Crispy Chicken And Pasta - cooking recipe

Ingredients
    1 cup uncooked pasta, i use spiral pasta
    30 g butter
    2 tablespoons all-purpose flour
    2 cups milk
    2 teaspoons grainy mustard
    1/4 cup grated cheese
    1 1/2 cups chopped chicken (500g/1 pound)
    Topping
    1 cup grated cheese
    50 g butter, melted
    2 cups stale breadcrumbs
    2 tablespoons parsley, finely chopped
Preparation
    Cut chicken into small pieces and slightly brown in a fry pan. In the mean time, boil your water and cook your pasta. Once chicken is cooked, remove from pan and set aside.
    In a small saucepan melt your butter and then add your flour, allow to cook for a minute or so.
    Add your milk and whisk continuously, medium heat, until you have a thick white sauce.
    Add your seeded mustard and cheese.
    Once combined, add your chicken and cooked drained pasta.

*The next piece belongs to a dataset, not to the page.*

(* Let $n\ge2$, $m\ge2$ be integers, let $\mathcal{V}=\mathcal{V}_1\otimes\dots\otimes\mathcal{V}_m$ be a tensor product of vector spaces over a field $\mathbb{F}$, let $\{x_a : a\in[n]\}$ be a multiset of product tensors with $x_a=x_{a,1}\otimes\dots\otimes x_{a,m}$, and for $S\subseteq[n]$, $j\in[m]$ let $d_j^S=\dim\operatorname{span}\{x_{a,j}:a\in S\}$. Let $q \in [n-1]$, $s \in [q]$, and $r$ be positive integers with $n+1 \leq r \leq n+\lceil (n-q)/s\rceil$, and let $l=\lfloor q/s\rfloor$. Suppose that for every subset $S \subseteq [n]$ with $s+1\leq |S| \leq n$, $$2|S|+\max\left\{0,(r-n)-\left\lceil\frac{n-q+s}{|S|}\right\rceil+1\right\} \leq \sum_{j=1}^m (d_j^S -1)+1.$$ Then for any multiset of product tensors $\{y_a : a \in [r]\}$ with $\sum_{a \in [n]} x_a= \sum_{a \in [r]} y_a$ such that the pair $(\sum_{a \in [n]} x_a,\sum_{a \in [r]} y_a)$ is irreducible, this pair of decompositions has an $(s, l)$-subpartition.
   Context: $[n]=\{1,\dots,n\}$. A product tensor is a non-zero tensor $z_1\otimes\dots\otimes z_m$, $z_j\in\mathcal{V}_j$. For product tensors with $\sum_{a\in[n]}x_a=\sum_{a\in[r]}y_a$: the pair $(\sum_{a\in[n]}x_a,\sum_{a\in[r]}y_a)$ is reducible if there exist $Q\subseteq[n]$, $R\subseteq[r]$ with $|Q|>|R|$ and $\sum_{a\in Q}x_a=\sum_{a\in R}y_a$, and irreducible otherwise. The pair has an $(s,l)$-subpartition if there exist pairwise disjoint subsets $Q_1,\dots,Q_l\subseteq[n]$ and pairwise disjoint subsets $R_1,\dots,R_l\subseteq[r]$ with $\max\{1,|R_p|\}\le|Q_p|\le s$ and $\sum_{a\in Q_p}x_a=\sum_{a\in R_p}y_a$ for all $p\in[l]$. *)

theory Defs
  imports Complex_Main "HOL-Library.Function_Algebras"
begin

    Pour mixture into a oven proof dish 9-1/2\" x 1-1/2\" (i use Pyrex pie dish)and set aside.
    To make the crunchy topping combine all the topping ingredients together and sprinkle over the chicken pasta mix in dish.
    Bake in a 350F/180C oven until the topping becomes crunchy and nicely browned.
    Serve on its own or with a salad and garlic bread.